POST /api/v1/signals/kubernetes-event

This captures events like BackOff, OOMKilled, FailedScheduling, and Unhealthy without requiring a Prometheus rule for each. To use this source, deploy a Kubernetes Event Exporter (e.g., the Resmo Event Exporter) and point it at the Gateway endpoint. See Event Exporter for setup details.
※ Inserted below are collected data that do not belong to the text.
(* If $n$ is odd, then $K_n$ can be (smoothly) embedded in $\mathbb{R}^{n+1}$.
   Context: $K_n=(S^1)^n/\bigl((z_1,\ldots,z_{n-1},z_n)\sim(\overline{z}_1,\ldots,\overline{z}_{n-1},-z_n)\bigr)$, where $S^1\subset\mathbb{C}$ is the unit circle and $\overline{z}$ is complex conjugation. *)

theory Defs
  imports "HOL-Analysis.Analysis"
begin

definition partial_deriv :: "'n::finite \<Rightarrow> (real^'n \<Rightarrow> 'b::real_normed_vector) \<Rightarrow> real^'n \<Rightarrow> 'b" where
  "partial_deriv i f x = frechet_derivative f (at x) (axis i 1)"

fun Ck_on :: "nat \<Rightarrow> (real^'n::finite) set \<Rightarrow> (real^'n \<Rightarrow> 'b::real_normed_vector) \<Rightarrow> bool" where
  "Ck_on 0 U f = continuous_on U f"
| "Ck_on (Suc k) U f = (f differentiable_on U \<and> (\<forall>i. Ck_on k U (partial_deriv i f)))"

definition smooth_on :: "(real^'n::finite) set \<Rightarrow> (real^'n \<Rightarrow> 'b::real_normed_vector) \<Rightarrow> bool" where
  "smooth_on U f = (\<forall>k. Ck_on k U f)"

definition torus :: "(complex^'n::finite) set" where
  "torus = {z. \<forall>i. norm (z $ i) = 1}"

definition angle_param :: "real^'n::finite \<Rightarrow> complex^'n" where
  "angle_param t = (\<chi> i. cis (t $ i))"

definition Kinv :: "'n::finite \<Rightarrow> complex^'n \<Rightarrow> complex^'n" where
  "Kinv k z = (\<chi> i. if i = k then - (z $ i) else cnj (z $ i))"

text \<open>A smooth embedding of K_n = torus / Kinv k into real^'m, described by its lift F to the
  torus: F is smooth (its composite with the angle parametrisation is smooth), constant on
  orbits of the involution, injective on the orbit space, and an immersion.\<close>
definition smooth_embedding_K :: "'n::finite \<Rightarrow> (complex^'n \<Rightarrow> real^'m::finite) \<Rightarrow> bool" where
  "smooth_embedding_K k F \<longleftrightarrow>
     smooth_on UNIV (F \<circ> angle_param) \<and>
     (\<forall>z\<in>torus. F (Kinv k z) = F z) \<and>
     (\<forall>z\<in>torus. \<forall>w\<in>torus. F z = F w \<longrightarrow> w = z \<or> w = Kinv k z) \<and>
     (\<forall>t. \<exists>D. ((F \<circ> angle_param) has_derivative D) (at t) \<and> inj D)"

end

(* Write z = (z_k, u) with u the other n - 1 coordinates. As an iterated surface of revolution,
   the torus of the u embeds into (0, \<infinity>) \<times> R^(n-1) via u \<mapsto> (\<rho>(u), y(u)), and conjugating u
   fixes \<rho> and negates y. For odd n the heights pair up into y \<in> C^((n-1)/2), and
     z \<mapsto> (\<rho> z_k^2, z_k y) \<in> C \<times> C^((n-1)/2) = R^(n+1)
   is invariant under (z_k, u) \<mapsto> (-z_k, conj u). Its value determines \<rho> and z_k^2, hence z_k up
   to a sign, then y up to the same sign, hence u or conj u. The same argument applied to
   derivatives shows that it is an immersion, and it is smooth because its coordinates are
   trigonometric polynomials in the angles. *)

theory Submission
  imports Defs
begin

lemma has_derivative_vec_nth:
  "((\<lambda>x. f x $ j) has_derivative (\<lambda>h. f' h $ j)) F" if "(f has_derivative f') F"
  using bounded_linear.has_derivative[OF bounded_linear_vec_nth that] .

lemma differentiable_vec_componentwise:
  fixes f :: "'a::real_normed_vector \<Rightarrow> real^'m::finite"
  assumes "\<And>j. (\<lambda>x. f x $ j) differentiable (at x within S)"
  shows "f differentiable (at x within S)"
  unfolding differentiable_componentwise_within[of f]
  using assms by (auto simp: Basis_vec_def inner_axis)

lemma frechet_derivative_vec_nth:
  fixes f :: "'a::real_normed_vector \<Rightarrow> real^'m::finite"
  assumes "f differentiable (at x)"
  shows "frechet_derivative f (at x) h $ j = frechet_derivative (\<lambda>x. f x $ j) (at x) h"
  using frechet_derivative_at[OF has_derivative_vec_nth[OF assms[unfolded frechet_derivative_works]]]
  by (simp add: fun_eq_iff)

lemma Ck_on_UNIV_vec_componentwise:
  fixes f :: "real^'n::finite \<Rightarrow> real^'m::finite"
  assumes "\<And>j. Ck_on k UNIV (\<lambda>x. f x $ j)"
  shows "Ck_on k UNIV f"
  using assms
proof (induction k arbitrary: f)
  case 0
  then show ?case
    using continuous_on_vec_lambda[of UNIV "\<lambda>j x. f x $ j"] by simp
next
  case (Suc k)
  have diff: "f differentiable (at x)" for x
    using Suc.prems by (auto simp: differentiable_on_eq_differentiable_at intro: differentiable_vec_componentwise)
  have "(\<lambda>x. partial_deriv i f x $ j) = partial_deriv i (\<lambda>x. f x $ j)" for i j
    unfolding partial_deriv_def by (simp add: frechet_derivative_vec_nth[OF diff] fun_eq_iff)
  then have "Ck_on k UNIV (partial_deriv i f)" for i
    using Suc.prems by (intro Suc.IH) simp
  then show ?case
    using diff by (simp add: differentiable_on_def differentiable_at_withinI)
qed

lemma frechet_derivative_add_at:
  assumes "f differentiable (at x)" "g differentiable (at x)"
  shows "frechet_derivative (\<lambda>x. f x + g x) (at x) =
    (\<lambda>h. frechet_derivative f (at x) h + frechet_derivative g (at x) h)"
  by (rule frechet_derivative_at[symmetric] has_derivative_add
      assms[unfolded frechet_derivative_works])+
Event Exporter removed from chart in v1.1

The Event Exporter was previously bundled in the Helm chart. Since v1.1, Kubernetes event forwarding is a user-provided concern managed independently of the Kubernaut installation.

Signal Types

After ingestion, the Gateway normalizes all signals to a single type:

Source Signal Type Example
AlertManager alert KubePodCrashLooping, KubePodOOMKilled
Kubernetes Event alert BackOff, OOMKilled, FailedScheduling

Both sources produce signals of type alert. Kubernetes events are treated as alerts after normalization.

Resource Scope Management

Kubernaut uses a label-based opt-in model to control which resources it manages.

Namespace Scope

# Opt in a namespace
kubectl label namespace my-app kubernaut.ai/managed=true

# Opt out
kubectl label namespace my-app kubernaut.ai/managed-

The Gateway checks this label before creating a RemediationRequest. Signals targeting unmanaged namespaces are dropped silently.

Resource-Level Scope

Individual resources can also be opted in or out:

apiVersion: apps/v1
kind: Deployment
metadata:
  name: my-app
  labels:
    kubernaut.ai/managed: "true"

Monitoring Infrastructure Filtering

Before extracting the target resource, the Gateway filters labels that refer to monitoring infrastructure rather than application workloads. Prometheus scrape configuration injects service and pod labels that identify the scraping source (e.g., kube-state-metrics, prometheus-node-exporter), not the monitored target. Without filtering, Kubernaut could attempt to remediate monitoring pods when an alert fires.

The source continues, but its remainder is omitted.